AMYLOID‐Β AND PHOSPHORYLATED‐TAU ACCUMULATION IN RETROSPLENIAL CORTEX OF YOUNG ALZHEIMER’S MODEL

Background

Our aim in the present study was to evaluate molecular and functional alterations in the retrosplenial cortex (RSC) of very young Alzheimer’s transgenic mice (3xTg‐AD). The RSC is a cortical area that functions as a key component of the core network of brain regions involved in cognitive functions such as episodic memory, navigation, and planning.

Method

Electrophysiology: Local field potentials were recorded using borosilicate electrode (2‐6 MΩ). Integrated theta‐band power was calculated in 5 s binds over a period of 2‐10 min and the mean spectrum was taken as the grand mean of each animal.
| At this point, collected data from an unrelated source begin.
(* Let $d:\mathcal X\times\hat{\mathcal X}\to[0,\infty)$ be a distortion function such that the matrix $[e^{-s_1d(i,j)}]_{(i,j)\in\mathcal X\times\hat{\mathcal X}}$ is full rank. Then every eigenvalue of $M$ is strictly positive, where $$M_{ij}=q^*(i)\sum_xp(x)\frac{A(x,i)A(x,j)}{\big(\sum_kq^*(k)A(x,k)\big)^2}.$$
   Context: Finite alphabets $\mathcal X=\hat{\mathcal X}$, source distribution $p$, and multipliers $s_1,s_2\ge0$. $f:(0,\infty)\to\mathbb R$ is convex with $f(1)=0$ and twice differentiable, and $D_f(p\|q)=\sum_xq(x)f(p(x)/q(x))$. $q^*$ is a fixed point achieving the rate-distortion-perception function of the implicitly defined map $$S[q](i)=q(i)\sum_xp(x)\frac{A_q(x,i)}{\sum_kq(k)A_q(x,k)},\qquad A_q(x,i)=\exp\{-s_1d(x,i)-s_2[f(p(i)/S[q](i))-\tfrac{p(i)}{S[q](i)}f'(p(i)/S[q](i))]\},$$ and $A=A_{q^*}$. *)

theory Defs
  imports "HOL-Analysis.Analysis"
begin

text \<open>Alphabet: a finite type 'a (source and reconstruction alphabets coincide).
  Matrices are elements of real^'a^'a, rows/columns indexed by the alphabet.\<close>

definition eigenvalue_of :: "real^'n^'n \<Rightarrow> complex \<Rightarrow> bool" where
  "eigenvalue_of M \<mu> \<longleftrightarrow>
     (\<exists>v :: complex^'n. v \<noteq> 0 \<and>
        (\<chi> i j. complex_of_real (M $ i $ j)) *v v = \<mu> *s v)"

text \<open>The function A_q(x,i) with S[q] replaced by its value at the fixed point.\<close>
definition Afun :: "('a \<Rightarrow> 'a \<Rightarrow> real) \<Rightarrow> (real \<Rightarrow> real) \<Rightarrow> (real \<Rightarrow> real) \<Rightarrow> real \<Rightarrow> real
     \<Rightarrow> ('a \<Rightarrow> real) \<Rightarrow> ('a \<Rightarrow> real) \<Rightarrow> 'a \<Rightarrow> 'a \<Rightarrow> real" where
  "Afun d f f' s1 s2 p Sq x i =
     exp (- s1 * d x i - s2 * (f (p i / Sq i) - p i / Sq i * f' (p i / Sq i)))"

text \<open>The map S[q], given the value Sq of S[q] used inside A (implicit definition).\<close>
definition Smap :: "('a::finite \<Rightarrow> 'a \<Rightarrow> real) \<Rightarrow> (real \<Rightarrow> real) \<Rightarrow> (real \<Rightarrow> real) \<Rightarrow> real \<Rightarrow> real
     \<Rightarrow> ('a \<Rightarrow> real) \<Rightarrow> ('a \<Rightarrow> real) \<Rightarrow> ('a \<Rightarrow> real) \<Rightarrow> 'a \<Rightarrow> real" where
  "Smap d f f' s1 s2 p q Sq i =
     q i * (\<Sum>x\<in>UNIV. p x * Afun d f f' s1 s2 p Sq x i /
                        (\<Sum>k\<in>UNIV. q k * Afun d f f' s1 s2 p Sq x k))"

definition Mmat :: "('a::finite \<Rightarrow> real) \<Rightarrow> ('a \<Rightarrow> real) \<Rightarrow> ('a \<Rightarrow> 'a \<Rightarrow> real) \<Rightarrow> real^'a^'a" where
  "Mmat p q A = (\<chi> i j. q i * (\<Sum>x\<in>UNIV. p x * A x i * A x j /
                                   (\<Sum>k\<in>UNIV. q k * A x k)^2))"

end

theory Submission
  imports Defs
begin

(* M = diag q * A^T * diag K * A with K x = p x / (\<Sum>k. q k * A x k)^2 > 0. If M v = \<mu> v with
   v \<noteq> 0, pairing with diag (1/q) v gives the Rayleigh identity
     \<mu> * (\<Sum>i. |v i|^2 / q i) = \<Sum>x. K x * |(A v) x|^2,
   and A v \<noteq> 0 because A x i = exp (- s1 * d x i) * c i with c i > 0 has full rank. So \<mu> is a
   quotient of two positive reals. *)

definition complexify :: "real^'n^'m \<Rightarrow> complex^'n^'m" where
  "complexify A = (\<chi> i j. complex_of_real (A $ i $ j))"

definition weighted_gram :: "('n::finite \<Rightarrow> real) \<Rightarrow> ('m::finite \<Rightarrow> real) \<Rightarrow> real^'n^'m \<Rightarrow> real^'n^'n"
  where "weighted_gram q K B = (\<chi> i j. q i * (\<Sum>x\<in>UNIV. K x * B $ x $ i * B $ x $ j))"

lemma complexify_nth [simp]: "complexify A $ i $ j = complex_of_real (A $ i $ j)"
  by (simp add: complexify_def)

lemma complexify_mult_vec_nth:
  "(complexify A *v v) $ i = (\<Sum>j\<in>UNIV. complex_of_real (A $ i $ j) * v $ j)"
  by (simp add: matrix_vector_mult_def)

lemma complexify_full_rank_injective:
  fixes B :: "real^'n^'m" and u :: "complex^'n"
  assumes "rank B = CARD('n)" and "complexify B *v u = 0"
  shows "u = 0"
proof -
  have "B *v (\<chi> i. Re (u $ i)) = 0" "B *v (\<chi> i. Im (u $ i)) = 0"
    using arg_cong[OF assms(2), of "\<lambda>w. Re (w $ _)"] arg_cong[OF assms(2), of "\<lambda>w. Im (w $ _)"]
    by (simp_all add: vec_eq_iff complexify_mult_vec_nth matrix_vector_mult_def Re_sum Im_sum)
  then have "(\<chi> i. Re (u $ i)) = 0" "(\<chi> i. Im (u $ i)) = 0"
    using assms(1) matrix_nonfull_linear_equations_eq by blast+
  then show ?thesis
    by (simp add: vec_eq_iff complex_eq_iff)
qed

lemma weighted_gram_quadratic_form:
  fixes q :: "'n::finite \<Rightarrow> real" and K :: "'m::finite \<Rightarrow> real" and v :: "complex^'n"
  assumes "\<And>i. q i \<noteq> 0"
  shows "(\<Sum>i\<in>UNIV. cnj (v $ i) / complex_of_real (q i) * (complexify (weighted_gram q K B) *v v) $ i)
       = complex_of_real (\<Sum>x\<in>UNIV. K x * (cmod ((complexify B *v v) $ x))\<^sup>2)"
proof -
  let ?w = "\<lambda>x. (complexify B *v v) $ x"
  let ?t = "\<lambda>x i j. complex_of_real (K x) *
              (complex_of_real (B $ x $ i) * cnj (v $ i)) * (complex_of_real (B $ x $ j) * v $ j)"
  have "cnj (v $ i) / complex_of_real (q i) * (complexify (weighted_gram q K B) *v v) $ i
      = (\<Sum>j\<in>UNIV. \<Sum>x\<in>UNIV. ?t x i j)" for i
  proof -
    have "cnj (v $ i) / complex_of_real (q i) * (complexify (weighted_gram q K B) *v v) $ i
        = (\<Sum>j\<in>UNIV. cnj (v $ i) * complex_of_real (\<Sum>x\<in>UNIV. K x * B $ x $ i * B $ x $ j) * v $ j)"
      using assms[of i]
      by (simp add: complexify_mult_vec_nth weighted_gram_def sum_distrib_left field_simps)
    also have "\<dots> = (\<Sum>j\<in>UNIV. \<Sum>x\<in>UNIV. ?t x i j)"
      by (simp add: sum_distrib_left sum_distrib_right mult_ac)
    finally show ?thesis .
  qed
  then have "(\<Sum>i\<in>UNIV. cnj (v $ i) / complex_of_real (q i) * (complexify (weighted_gram q K B) *v v) $ i)
      = (\<Sum>i\<in>UNIV. \<Sum>j\<in>UNIV. \<Sum>x\<in>UNIV. ?t x i j)"
    by simp
  also have "\<dots> = (\<Sum>i\<in>UNIV. \<Sum>x\<in>UNIV. \<Sum>j\<in>UNIV. ?t x i j)"
    by (rule sum.cong[OF refl], rule sum.swap)
  also have "\<dots> = (\<Sum>x\<in>UNIV. \<Sum>i\<in>UNIV. \<Sum>j\<in>UNIV. ?t x i j)"
    by (rule sum.swap)
  also have "\<dots> = (\<Sum>x\<in>UNIV. complex_of_real (K x) * (cnj (?w x) * ?w x))"
  proof (rule sum.cong[OF refl])
    fix x
    have w_sq: "cnj (?w x) * ?w x = (\<Sum>i\<in>UNIV. complex_of_real (B $ x $ i) * cnj (v $ i)) *
        (\<Sum>j\<in>UNIV. complex_of_real (B $ x $ j) * v $ j)"
      by (simp add: complexify_mult_vec_nth)
    show "(\<Sum>i\<in>UNIV. \<Sum>j\<in>UNIV. ?t x i j) = complex_of_real (K x) * (cnj (?w x) * ?w x)"
      unfolding w_sq sum_product by (simp only: sum_distrib_left mult.assoc)
  qed
  also have "\<dots> = complex_of_real (\<Sum>x\<in>UNIV. K x * (cmod (?w x))\<^sup>2)"
    by (simp add: complex_norm_square[symmetric] mult.commute[of "cnj _"])
  finally show ?thesis .
qed

lemma full_rank_scale_columns:
  fixes E :: "real^'n^'m"
  assumes "rank E = CARD('n)" and "\<And>j. c j \<noteq> 0"
  shows "rank (\<chi> i j. E $ i $ j * c j) = CARD('n)"
proof -
  have "x = 0" if "(\<chi> i j. E $ i $ j * c j) *v x = 0" for x :: "real^'n"
  proof -
    have "E *v (\<chi> j. c j * x $ j) = 0"
      using that by (simp add: matrix_vector_mult_def vec_eq_iff mult_ac)
    then have "(\<chi> j. c j * x $ j) = 0"
      using assms(1) matrix_nonfull_linear_equations_eq by blast
    then show "x = 0"
      using assms(2) by (simp add: vec_eq_iff)
  qed
  then show ?thesis
    using matrix_nonfull_linear_equations_eq by blast
qed

lemma eigenvalue_weighted_gram_pos:
  fixes q :: "'n::finite \<Rightarrow> real" and K :: "'m::finite \<Rightarrow> real" and B :: "real^'n^'m"
  assumes q_pos: "\<And>i. q i > 0" and K_pos: "\<And>x. K x > 0" and B_rank: "rank B = CARD('n)"
    and "eigenvalue_of (weighted_gram q K B) \<mu>"
  shows "\<mu> \<in> \<real> \<and> Re \<mu> > 0"
proof -
  obtain v where "v \<noteq> 0" and eigvec: "complexify (weighted_gram q K B) *v v = \<mu> *s v"
    using assms(4) unfolding eigenvalue_of_def complexify_def by blast
  define N where "N = (\<Sum>i\<in>UNIV. (cmod (v $ i))\<^sup>2 / q i)"
  define R where "R = (\<Sum>x\<in>UNIV. K x * (cmod ((complexify B *v v) $ x))\<^sup>2)"
  have "\<mu> * complex_of_real N
      = (\<Sum>i\<in>UNIV. cnj (v $ i) / complex_of_real (q i) * (complexify (weighted_gram q K B) *v v) $ i)"
    unfolding eigvec N_def
    by (simp add: sum_distrib_left field_simps flip: complex_norm_square)
  also have "\<dots> = complex_of_real R"
    unfolding R_def using q_pos by (intro weighted_gram_quadratic_form) (metis less_irrefl)
  finally have Rayleigh: "\<mu> * complex_of_real N = complex_of_real R" .
  obtain i where "v $ i \<noteq> 0"
    using \<open>v \<noteq> 0\<close> by (metis vec_eq_iff zero_index)
  then have "N > 0"
    unfolding N_def using q_pos by (intro sum_pos2[of UNIV i]) (auto intro!: divide_nonneg_pos)
  have "complexify B *v v \<noteq> 0"
    using complexify_full_rank_injective[OF B_rank] \<open>v \<noteq> 0\<close> by blast
  then obtain x where "(complexify B *v v) $ x \<noteq> 0"
    by (metis vec_eq_iff zero_index)
  then have "R > 0"
    unfolding R_def using K_pos by (intro sum_pos2[of UNIV x]) (auto simp: less_imp_le)
  have "\<mu> = complex_of_real (R / N)"
    using Rayleigh \<open>N > 0\<close> by (simp add: field_simps)
  then show ?thesis
    using \<open>R > 0\<close> \<open>N > 0\<close> by simp
qed

theorem lemma4:
  fixes p q :: "'a::finite \<Rightarrow> real"
    and d :: "'a \<Rightarrow> 'a \<Rightarrow> real"
    and f f' f'' :: "real \<Rightarrow> real"
    and s1 s2 :: real
  assumes p_pos: "\<And>x. p x > 0" and p_sum: "(\<Sum>x\<in>UNIV. p x) = 1"
    and q_pos: "\<And>x. q x > 0" and q_sum: "(\<Sum>x\<in>UNIV. q x) = 1"
    and s1: "s1 \<ge> 0" and s2: "s2 \<ge> 0"
    and f_convex: "convex_on {0<..} f" and f_one: "f 1 = 0"
    and f_deriv: "\<And>t. t > 0 \<Longrightarrow> (f has_real_derivative f' t) (at t)"
    and f'_deriv: "\<And>t. t > 0 \<Longrightarrow> (f' has_real_derivative f'' t) (at t)"
    and fixed_point: "\<And>i. Smap d f f' s1 s2 p q q i = q i"
    and d_nonneg: "\<And>x y. d x y \<ge> 0"
    and full_rank: "rank ((\<chi> i j. exp (- s1 * d i j)) :: real^'a^'a) = CARD('a)"
  shows "\<forall>\<mu>. eigenvalue_of (Mmat p q (Afun d f f' s1 s2 p q)) \<mu> \<longrightarrow>
           \<mu> \<in> \<real> \<and> Re \<mu> > 0"
proof (intro allI impI)
  fix \<mu>
  assume eig: "eigenvalue_of (Mmat p q (Afun d f f' s1 s2 p q)) \<mu>"
  define A where "A = Afun d f f' s1 s2 p q"
  define c where "c i = exp (- s2 * (f (p i / q i) - p i / q i * f' (p i / q i)))" for i
  have A_factor: "A x i = exp (- s1 * d x i) * c i" for x i
    unfolding A_def Afun_def c_def by (simp flip: exp_add)
  have A_pos: "A x i > 0" for x i
    unfolding A_factor c_def by simp
  define K where "K x = p x / (\<Sum>k\<in>UNIV. q k * A x k)\<^sup>2" for x
  have Z_pos: "(\<Sum>k\<in>UNIV. q k * A x k) > 0" for x
    using q_pos A_pos by (intro sum_pos) simp_all
  have K_pos: "K x > 0" for x
    unfolding K_def using p_pos[of x] Z_pos[of x] by simp
  have "Mmat p q A = weighted_gram q K (\<chi> x i. A x i)"
    unfolding Mmat_def weighted_gram_def K_def by (simp add: sum_divide_distrib field_simps)
  moreover have "rank (\<chi> x i. A x i) = CARD('a)"
    using full_rank_scale_columns[OF full_rank, of c] unfolding A_factor c_def by simp
  ultimately show "\<mu> \<in> \<real> \<and> Re \<mu> > 0"
    using eigenvalue_weighted_gram_pos[OF q_pos K_pos] eig unfolding A_def by simp
qed

end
Immunohistochemistry: For immunofluorescence, antibodies: pS396 and BAM10 were used. The brain areas were visualized using an epifluorescence microscope (Axioplan2, Zeiss).

Result

Our results show significant accumulation of intracellular amyloid‐β (Aβ) and hyperphosphorylated tau (pTau) in principal neurons from 1‐month‐old 3xTg‐AD mice, which correlates with GSK3β activation and tau phosphorylation at serine 396. Coincidently, oscillatory activity from the RSC is altered in the young 3xTg‐AD mice. Specifically, we found that theta frequency is significantly higher in the transgenic animals.

Conclusion

Despite the wide consensus that Aβ deposition in a variety of AD transgenic mice, including 3xTg‐AD, is detected after several months of age, this study shows the first evidence of intracellular Aβ accumulation in pyramidal cells as early as 30 days of age, which does not seem to be related to any cognitive compromise. Thus, early Aβ and pTau accumulation was correlated with altered oscillatory activity from the RSC. In sum, our results indicate that very early accumulation of intracellular Aβ may impact the excitability of the RSC network, possibly due to changes in pTau throughout GSK3β activation.